DIRECTOR: Jeni Thornley
DURATION: 1:25
Revered filmmaker Jeni Thornley (Maidens, MIFF 1979) composes an immersive cine-poem from her extensive super-8 archive spanning three decades.
Set against the backdrop of radical feminism, Aboriginal land rights and widespread social upheaval, Memory Film: A Filmmaker’s Diary is a ‘road movie’ of sorts, tracing its maker’s inner journey towards liberation. Adopting the lenses of psychotherapy and Eastern spirituality, and incorporating footage from Thornley’s earlier works Maidens, the collaborative feature For Love or Money, To the Other Shore and Island Home Country, this hyper-intimate opus contemplates gender fluidity, sexual politics, the pleasure and pain of motherhood, and the desire for a world free of war and colonisation.

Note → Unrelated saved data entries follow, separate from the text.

text \<open>With \<open>r = |x| \<le> 3/20\<close> and \<open>A = 1.23 |u - 1| 2\<^sup>-\<^sup>k\<close>, the exponent \<open>D\<close> of \<open>wk_Suc\<close>
  satisfies \<open>|D| \<le> A r/(1 - r) \<le> 3A/17 \<le> 1/2\<close>, so
  \<open>|y(x)(e\<^sup>D - 1)| \<le> 1.23 r \<cdot> 3/2 \<cdot> 3A/17 \<le> A r/2\<close>.\<close>

lemma norm_wk_Suc_le:
  assumes IH: "\<And>x u. cmod x \<le> 3/20 \<Longrightarrow> cmod u \<le> 1 \<Longrightarrow>
                 cmod (wk k x u) \<le> 123/100 * cmod (u - 1) * cmod x * (1/2) ^ k"
    and x: "cmod x \<le> 3/20" and u: "cmod u \<le> 1"
  shows "cmod (wk (Suc k) x u) \<le> 123/100 * cmod (u - 1) * cmod x * (1/2) ^ Suc k"
proof -
  let ?r = "cmod x"
  define A where "A = 123/100 * cmod (u - 1) * (1/2::real) ^ k"
  define D where "D = (\<Sum>i. wk k (x ^ Suc i) (u ^ Suc i) / of_nat (Suc i))"
  note terms = norm_wk_series_term_le[OF IH x u, folded A_def]
  have r: "0 \<le> ?r" "?r < 1"
    using x by auto
  have "cmod D \<le> A * (?r / (1 - ?r))"
    unfolding D_def using terms r by (rule norm_suminf_le_geometric)
  also have "\<dots> \<le> A * (3/17)"
    using x by (intro mult_left_mono) (auto simp: A_def field_simps)
  finally have D: "cmod D \<le> A * (3/17)" .
  have "cmod (u - 1) * (1/2) ^ k \<le> 2 * 1"
    using norm_triangle_ineq4[of u 1] u by (intro mult_mono) (auto simp: power_le_one)
  hence "cmod D \<le> 1/2"
    using D by (simp add: A_def)
  have "wk (Suc k) x u = ygf x * (exp D - 1)"
    unfolding D_def
  proof (rule wk_Suc)
    show "cmod x < rho"
      using x rho_ge by simp
    show "summable (\<lambda>i. wk k (x ^ Suc i) (u ^ Suc i) / of_nat (Suc i))"
      using terms r by (rule summable_if_norm_le_geometric)
  qed
  hence "cmod (wk (Suc k) x u) = cmod (ygf x) * cmod (exp D - 1)"
    by (simp add: norm_mult)
  also have "\<dots> \<le> (123/100 * ?r) * (3/2 * (A * (3/17)))"
    using norm_ygf_le[OF x] norm_exp_bounds(2)[OF \<open>cmod D \<le> 1/2\<close>] D
    by (intro mult_mono) auto
  also have "\<dots> \<le> A * ?r * (1/2)"
    using r by (simp add: A_def mult_right_mono)
  finally show ?thesis
    by (simp add: A_def algebra_simps)
qed

lemma norm_wk_le:
  "cmod x \<le> 3/20 \<Longrightarrow> cmod u \<le> 1 \<Longrightarrow> cmod (wk k x u) \<le> 123/100 * cmod (u - 1) * cmod x * (1/2) ^ k"
proof (induction k arbitrary: x u)
  case 0
  have "cmod (wk 0 x u) = cmod (u - 1) * cmod (ygf x)"
    by (simp add: wk_0 norm_mult)
  also have "\<dots> \<le> cmod (u - 1) * (123/100 * cmod x)"
    using norm_ygf_le[OF "0.prems"(1)] by (intro mult_left_mono) auto
  finally show ?case
    by simp
next
  case (Suc k)
  thus ?case
    by (intro norm_wk_Suc_le)
qed

theorem mainTheorem9:
  shows "\<exists>\<epsilon>>0. \<exists>L C. 0 < L \<and> L < 1 \<and> C > (0::real) \<and>
    (\<forall>(x::complex) (u::complex) (k::nat). cmod x \<le> rho ^ 2 + \<epsilon> \<longrightarrow> cmod u \<le> 1 \<longrightarrow>
       cmod (wk k x u) \<le> C * cmod (u - 1) * cmod x * L ^ k)"
proof (intro exI conjI allI impI)
  show "0 < 3/20 - rho\<^sup>2"
    using rho_squared_less by simp
  show "0 < (1/2::real)" "(1/2::real) < 1" "(0::real) < 123/100"
    by simp_all
  fix x u :: complex and k :: nat
  assume "cmod x \<le> rho\<^sup>2 + (3/20 - rho\<^sup>2)" "cmod u \<le> 1"
  thus "cmod (wk k x u) \<le> 123/100 * cmod (u - 1) * cmod x * (1/2) ^ k"
    by (intro norm_wk_le) simp_all
qed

With a sweeping score by Egyptian-Australian multi-instrumentalist Joseph Tawadros and inspired by the minimalist sensibility of silent cinema as a dialogue-free piece, Thornley’s “farewell film poem to life” unfolds with a haunting tactility: along with the celluloid’s visible grain, there are shots of foliage, forests, fronds of hair, fingers on skin. Thornley allows the personal to intrude on the societal, revealing cracks in institutionalised accounts of events and foregrounding both impermanence and the inexorable passage of time. Supported by the MIFF Premiere Fund and produced by Tom Zubrycki (Senses of Cinema, MIFF Premiere Fund 2022; Ablaze, MIFF Premiere Fund 2021), Memory Film: A Filmmaker’s Diary is a lovingly crafted, lucid meditation on resistance, legacy and carving out one’s place amid constant transformation.